**Task item**
Go through the material and return every line that contains the string "metis".

**Extracted information**
[Start of Attachment]

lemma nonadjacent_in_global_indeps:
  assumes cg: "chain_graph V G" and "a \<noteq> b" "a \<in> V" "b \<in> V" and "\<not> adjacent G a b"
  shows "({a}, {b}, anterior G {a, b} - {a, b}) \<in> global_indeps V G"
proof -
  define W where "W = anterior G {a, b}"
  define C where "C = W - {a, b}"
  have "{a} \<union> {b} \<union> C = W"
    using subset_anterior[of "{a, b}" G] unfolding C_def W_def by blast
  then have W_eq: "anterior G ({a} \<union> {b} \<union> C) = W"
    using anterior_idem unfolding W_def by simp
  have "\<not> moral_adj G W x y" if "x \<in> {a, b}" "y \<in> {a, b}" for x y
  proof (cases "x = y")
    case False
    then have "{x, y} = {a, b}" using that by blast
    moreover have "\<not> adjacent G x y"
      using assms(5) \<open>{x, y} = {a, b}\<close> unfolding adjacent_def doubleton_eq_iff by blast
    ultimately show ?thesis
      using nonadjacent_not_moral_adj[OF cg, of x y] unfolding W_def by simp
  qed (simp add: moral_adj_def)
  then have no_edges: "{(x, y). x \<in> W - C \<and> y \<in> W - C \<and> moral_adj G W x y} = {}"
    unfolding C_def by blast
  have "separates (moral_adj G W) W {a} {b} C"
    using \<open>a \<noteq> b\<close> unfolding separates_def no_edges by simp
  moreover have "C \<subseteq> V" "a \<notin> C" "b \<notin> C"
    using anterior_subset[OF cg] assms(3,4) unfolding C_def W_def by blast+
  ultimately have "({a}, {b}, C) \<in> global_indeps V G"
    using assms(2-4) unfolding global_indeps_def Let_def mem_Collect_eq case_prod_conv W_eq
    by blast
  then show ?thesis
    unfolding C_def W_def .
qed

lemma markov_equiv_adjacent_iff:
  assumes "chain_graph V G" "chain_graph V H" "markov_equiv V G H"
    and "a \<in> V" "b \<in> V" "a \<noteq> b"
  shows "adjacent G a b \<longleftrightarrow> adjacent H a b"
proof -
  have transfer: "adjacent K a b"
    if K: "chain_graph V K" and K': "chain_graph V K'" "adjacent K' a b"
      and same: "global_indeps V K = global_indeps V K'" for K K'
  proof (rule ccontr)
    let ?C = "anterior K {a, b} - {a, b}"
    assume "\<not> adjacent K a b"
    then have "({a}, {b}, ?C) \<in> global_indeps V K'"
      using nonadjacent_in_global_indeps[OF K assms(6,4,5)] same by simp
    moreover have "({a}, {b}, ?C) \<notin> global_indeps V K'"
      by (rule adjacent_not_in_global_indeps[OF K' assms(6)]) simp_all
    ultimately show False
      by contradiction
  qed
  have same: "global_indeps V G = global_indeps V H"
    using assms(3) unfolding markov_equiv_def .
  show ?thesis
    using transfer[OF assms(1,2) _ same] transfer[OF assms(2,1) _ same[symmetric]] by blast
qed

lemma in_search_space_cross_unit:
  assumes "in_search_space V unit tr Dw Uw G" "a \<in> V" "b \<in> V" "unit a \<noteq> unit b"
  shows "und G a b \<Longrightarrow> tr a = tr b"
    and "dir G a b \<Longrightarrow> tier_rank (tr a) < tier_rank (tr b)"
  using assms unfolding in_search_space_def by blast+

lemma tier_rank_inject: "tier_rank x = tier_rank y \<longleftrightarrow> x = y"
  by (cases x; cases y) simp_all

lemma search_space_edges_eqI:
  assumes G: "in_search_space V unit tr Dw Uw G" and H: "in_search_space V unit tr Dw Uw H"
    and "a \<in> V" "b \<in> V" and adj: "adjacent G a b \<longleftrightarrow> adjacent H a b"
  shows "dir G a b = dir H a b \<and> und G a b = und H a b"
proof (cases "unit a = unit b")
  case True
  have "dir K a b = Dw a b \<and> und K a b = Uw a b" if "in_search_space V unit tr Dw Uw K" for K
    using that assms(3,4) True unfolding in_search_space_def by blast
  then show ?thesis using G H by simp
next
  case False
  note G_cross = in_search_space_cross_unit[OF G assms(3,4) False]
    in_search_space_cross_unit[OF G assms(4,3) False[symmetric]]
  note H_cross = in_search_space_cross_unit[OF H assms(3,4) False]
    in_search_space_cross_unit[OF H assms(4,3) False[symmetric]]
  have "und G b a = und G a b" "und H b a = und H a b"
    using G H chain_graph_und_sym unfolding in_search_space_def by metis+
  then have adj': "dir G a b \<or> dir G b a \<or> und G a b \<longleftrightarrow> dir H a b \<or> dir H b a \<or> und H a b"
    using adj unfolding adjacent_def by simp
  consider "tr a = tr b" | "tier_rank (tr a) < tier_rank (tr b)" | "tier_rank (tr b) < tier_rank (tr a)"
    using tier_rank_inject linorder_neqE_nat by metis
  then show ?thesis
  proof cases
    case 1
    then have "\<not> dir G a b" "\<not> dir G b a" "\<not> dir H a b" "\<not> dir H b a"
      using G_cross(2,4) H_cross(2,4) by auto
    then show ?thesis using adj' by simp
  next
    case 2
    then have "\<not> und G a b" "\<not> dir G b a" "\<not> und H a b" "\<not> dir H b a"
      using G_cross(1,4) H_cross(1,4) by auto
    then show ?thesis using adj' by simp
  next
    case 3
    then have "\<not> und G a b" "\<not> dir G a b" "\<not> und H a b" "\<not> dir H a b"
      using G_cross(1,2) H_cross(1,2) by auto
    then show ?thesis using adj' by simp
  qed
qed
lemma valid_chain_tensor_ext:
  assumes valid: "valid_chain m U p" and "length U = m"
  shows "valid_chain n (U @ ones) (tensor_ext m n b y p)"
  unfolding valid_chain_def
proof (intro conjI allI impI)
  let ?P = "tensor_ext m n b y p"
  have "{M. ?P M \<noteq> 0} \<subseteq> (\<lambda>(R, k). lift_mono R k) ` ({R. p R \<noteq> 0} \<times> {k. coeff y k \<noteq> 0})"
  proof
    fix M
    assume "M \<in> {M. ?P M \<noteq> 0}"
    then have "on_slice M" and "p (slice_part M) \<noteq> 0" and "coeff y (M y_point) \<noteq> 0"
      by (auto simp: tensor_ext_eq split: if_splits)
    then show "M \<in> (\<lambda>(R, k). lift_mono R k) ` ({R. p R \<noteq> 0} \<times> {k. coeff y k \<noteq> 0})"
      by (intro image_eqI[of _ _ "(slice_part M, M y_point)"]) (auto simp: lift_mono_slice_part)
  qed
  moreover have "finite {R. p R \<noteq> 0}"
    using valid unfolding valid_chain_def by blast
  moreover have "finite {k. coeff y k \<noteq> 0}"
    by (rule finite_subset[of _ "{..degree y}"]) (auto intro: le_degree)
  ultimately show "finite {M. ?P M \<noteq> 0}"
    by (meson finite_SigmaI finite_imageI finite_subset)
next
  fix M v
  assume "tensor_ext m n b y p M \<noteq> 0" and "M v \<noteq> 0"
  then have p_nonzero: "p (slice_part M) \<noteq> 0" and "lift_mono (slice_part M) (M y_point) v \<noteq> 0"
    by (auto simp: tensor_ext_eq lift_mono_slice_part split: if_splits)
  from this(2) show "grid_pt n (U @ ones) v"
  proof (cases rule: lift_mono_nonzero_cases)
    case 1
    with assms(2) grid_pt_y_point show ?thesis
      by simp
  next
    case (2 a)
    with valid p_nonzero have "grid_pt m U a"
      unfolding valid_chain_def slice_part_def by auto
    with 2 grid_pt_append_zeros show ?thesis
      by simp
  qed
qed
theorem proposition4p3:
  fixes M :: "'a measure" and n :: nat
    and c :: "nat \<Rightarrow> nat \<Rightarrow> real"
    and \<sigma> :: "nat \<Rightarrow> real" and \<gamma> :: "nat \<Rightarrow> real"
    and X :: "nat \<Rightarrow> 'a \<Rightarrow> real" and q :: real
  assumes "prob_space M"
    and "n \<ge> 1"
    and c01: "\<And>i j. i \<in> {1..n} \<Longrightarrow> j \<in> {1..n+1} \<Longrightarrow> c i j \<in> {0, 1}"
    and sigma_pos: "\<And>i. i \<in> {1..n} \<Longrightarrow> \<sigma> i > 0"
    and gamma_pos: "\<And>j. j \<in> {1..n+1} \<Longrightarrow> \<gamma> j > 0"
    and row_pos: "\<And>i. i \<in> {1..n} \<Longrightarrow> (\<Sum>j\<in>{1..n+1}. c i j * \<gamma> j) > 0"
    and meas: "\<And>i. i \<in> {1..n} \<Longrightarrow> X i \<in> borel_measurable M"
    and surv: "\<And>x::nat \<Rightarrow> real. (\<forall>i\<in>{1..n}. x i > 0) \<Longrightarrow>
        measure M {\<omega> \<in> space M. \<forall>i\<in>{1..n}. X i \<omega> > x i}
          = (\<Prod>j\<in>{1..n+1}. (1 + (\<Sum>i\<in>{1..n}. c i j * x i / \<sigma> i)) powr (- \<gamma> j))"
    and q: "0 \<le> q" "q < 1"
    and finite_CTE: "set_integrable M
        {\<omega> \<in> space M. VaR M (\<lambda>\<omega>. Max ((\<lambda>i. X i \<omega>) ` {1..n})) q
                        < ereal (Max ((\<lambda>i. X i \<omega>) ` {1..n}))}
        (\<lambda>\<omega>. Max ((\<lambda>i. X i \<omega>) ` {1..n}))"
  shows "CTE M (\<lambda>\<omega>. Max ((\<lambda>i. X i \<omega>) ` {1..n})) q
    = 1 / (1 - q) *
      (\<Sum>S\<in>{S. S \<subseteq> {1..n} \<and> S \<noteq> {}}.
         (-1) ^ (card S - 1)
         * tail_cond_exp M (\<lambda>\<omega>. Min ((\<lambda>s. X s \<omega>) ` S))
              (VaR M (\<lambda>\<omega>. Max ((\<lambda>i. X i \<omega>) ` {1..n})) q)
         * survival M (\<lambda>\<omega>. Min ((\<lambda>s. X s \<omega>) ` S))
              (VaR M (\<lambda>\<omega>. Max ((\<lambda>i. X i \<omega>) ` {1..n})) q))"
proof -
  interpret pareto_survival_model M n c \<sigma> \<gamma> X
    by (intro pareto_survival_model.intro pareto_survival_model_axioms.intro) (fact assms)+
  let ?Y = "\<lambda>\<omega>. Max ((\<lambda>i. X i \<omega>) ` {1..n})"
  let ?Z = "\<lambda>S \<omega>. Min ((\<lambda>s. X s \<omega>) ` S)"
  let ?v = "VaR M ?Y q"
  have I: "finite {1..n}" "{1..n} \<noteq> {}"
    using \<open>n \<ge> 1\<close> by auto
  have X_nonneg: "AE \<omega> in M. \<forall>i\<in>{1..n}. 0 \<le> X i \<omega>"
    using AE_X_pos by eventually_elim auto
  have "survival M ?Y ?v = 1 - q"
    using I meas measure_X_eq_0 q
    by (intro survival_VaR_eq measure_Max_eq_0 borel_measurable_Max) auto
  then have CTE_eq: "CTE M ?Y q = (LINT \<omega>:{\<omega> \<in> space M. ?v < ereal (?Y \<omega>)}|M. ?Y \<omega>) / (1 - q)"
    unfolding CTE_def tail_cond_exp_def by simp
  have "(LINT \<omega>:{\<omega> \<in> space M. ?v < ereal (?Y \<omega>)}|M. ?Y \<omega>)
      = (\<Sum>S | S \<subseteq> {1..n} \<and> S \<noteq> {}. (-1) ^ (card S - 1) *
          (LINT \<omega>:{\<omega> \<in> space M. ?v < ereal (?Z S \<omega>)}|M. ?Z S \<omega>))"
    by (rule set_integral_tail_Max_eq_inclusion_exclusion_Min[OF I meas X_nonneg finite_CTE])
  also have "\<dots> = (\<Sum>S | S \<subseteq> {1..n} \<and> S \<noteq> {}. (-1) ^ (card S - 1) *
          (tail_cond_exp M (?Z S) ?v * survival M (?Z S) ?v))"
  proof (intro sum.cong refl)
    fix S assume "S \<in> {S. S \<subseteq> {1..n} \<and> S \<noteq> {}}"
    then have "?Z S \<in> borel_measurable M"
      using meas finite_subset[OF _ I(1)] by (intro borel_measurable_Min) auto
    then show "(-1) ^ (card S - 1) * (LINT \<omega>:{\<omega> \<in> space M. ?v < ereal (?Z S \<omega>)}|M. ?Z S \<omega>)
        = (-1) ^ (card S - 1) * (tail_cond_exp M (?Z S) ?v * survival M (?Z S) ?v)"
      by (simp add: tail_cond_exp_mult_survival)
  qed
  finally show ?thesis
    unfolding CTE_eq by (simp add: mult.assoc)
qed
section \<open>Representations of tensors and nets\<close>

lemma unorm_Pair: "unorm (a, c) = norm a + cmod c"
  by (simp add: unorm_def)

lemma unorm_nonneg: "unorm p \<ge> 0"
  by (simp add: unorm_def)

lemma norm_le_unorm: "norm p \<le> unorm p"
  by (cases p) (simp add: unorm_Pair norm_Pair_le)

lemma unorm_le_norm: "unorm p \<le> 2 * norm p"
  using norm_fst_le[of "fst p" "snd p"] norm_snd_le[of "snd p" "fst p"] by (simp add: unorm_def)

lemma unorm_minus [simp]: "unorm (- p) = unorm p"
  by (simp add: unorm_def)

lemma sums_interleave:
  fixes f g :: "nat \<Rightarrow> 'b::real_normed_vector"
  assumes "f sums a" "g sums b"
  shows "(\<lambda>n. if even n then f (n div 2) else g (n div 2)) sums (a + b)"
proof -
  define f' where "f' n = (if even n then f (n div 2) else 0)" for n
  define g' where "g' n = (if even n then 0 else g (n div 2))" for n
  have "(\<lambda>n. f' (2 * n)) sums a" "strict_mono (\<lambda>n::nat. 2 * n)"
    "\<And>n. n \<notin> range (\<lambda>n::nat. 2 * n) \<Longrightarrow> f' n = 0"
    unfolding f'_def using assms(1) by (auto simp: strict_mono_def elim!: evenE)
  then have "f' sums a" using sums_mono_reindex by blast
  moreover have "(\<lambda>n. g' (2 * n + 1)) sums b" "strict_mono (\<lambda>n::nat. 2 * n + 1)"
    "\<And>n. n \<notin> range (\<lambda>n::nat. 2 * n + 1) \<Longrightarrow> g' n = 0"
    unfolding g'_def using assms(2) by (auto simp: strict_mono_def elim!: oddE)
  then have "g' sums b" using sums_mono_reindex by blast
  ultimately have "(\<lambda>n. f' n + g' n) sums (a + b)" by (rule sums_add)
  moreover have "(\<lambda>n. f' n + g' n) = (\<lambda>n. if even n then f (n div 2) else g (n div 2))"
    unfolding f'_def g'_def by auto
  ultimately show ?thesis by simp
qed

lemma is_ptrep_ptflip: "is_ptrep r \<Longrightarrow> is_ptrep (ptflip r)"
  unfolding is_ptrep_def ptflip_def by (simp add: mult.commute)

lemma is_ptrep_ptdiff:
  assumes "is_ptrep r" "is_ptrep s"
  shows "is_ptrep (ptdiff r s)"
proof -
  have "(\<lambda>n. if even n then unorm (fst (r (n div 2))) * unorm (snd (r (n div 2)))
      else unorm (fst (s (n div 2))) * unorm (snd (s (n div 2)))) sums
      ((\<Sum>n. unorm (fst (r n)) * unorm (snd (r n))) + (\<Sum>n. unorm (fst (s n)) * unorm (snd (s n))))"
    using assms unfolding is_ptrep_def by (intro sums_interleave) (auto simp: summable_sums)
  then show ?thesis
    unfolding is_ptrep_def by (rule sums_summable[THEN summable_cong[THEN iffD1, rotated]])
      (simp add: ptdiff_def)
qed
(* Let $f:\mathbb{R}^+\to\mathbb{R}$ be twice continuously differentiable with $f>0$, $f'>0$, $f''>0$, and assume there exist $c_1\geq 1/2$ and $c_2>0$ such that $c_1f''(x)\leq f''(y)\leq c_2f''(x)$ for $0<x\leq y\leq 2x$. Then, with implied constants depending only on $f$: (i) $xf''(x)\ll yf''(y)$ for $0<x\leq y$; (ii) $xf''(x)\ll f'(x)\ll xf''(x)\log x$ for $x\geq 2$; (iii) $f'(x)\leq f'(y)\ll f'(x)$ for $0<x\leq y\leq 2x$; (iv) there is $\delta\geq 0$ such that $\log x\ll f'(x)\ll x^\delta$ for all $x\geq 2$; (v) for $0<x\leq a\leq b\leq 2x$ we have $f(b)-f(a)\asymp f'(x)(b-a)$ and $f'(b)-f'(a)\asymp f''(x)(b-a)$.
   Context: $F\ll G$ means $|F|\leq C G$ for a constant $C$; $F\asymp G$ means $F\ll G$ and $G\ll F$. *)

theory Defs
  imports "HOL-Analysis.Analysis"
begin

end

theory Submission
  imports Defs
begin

[End of Attachment]

**Result of this task**
    using G H chain_graph_und_sym unfolding in_search_space_def by metis+
    using tier_rank_inject linorder_neqE_nat by metis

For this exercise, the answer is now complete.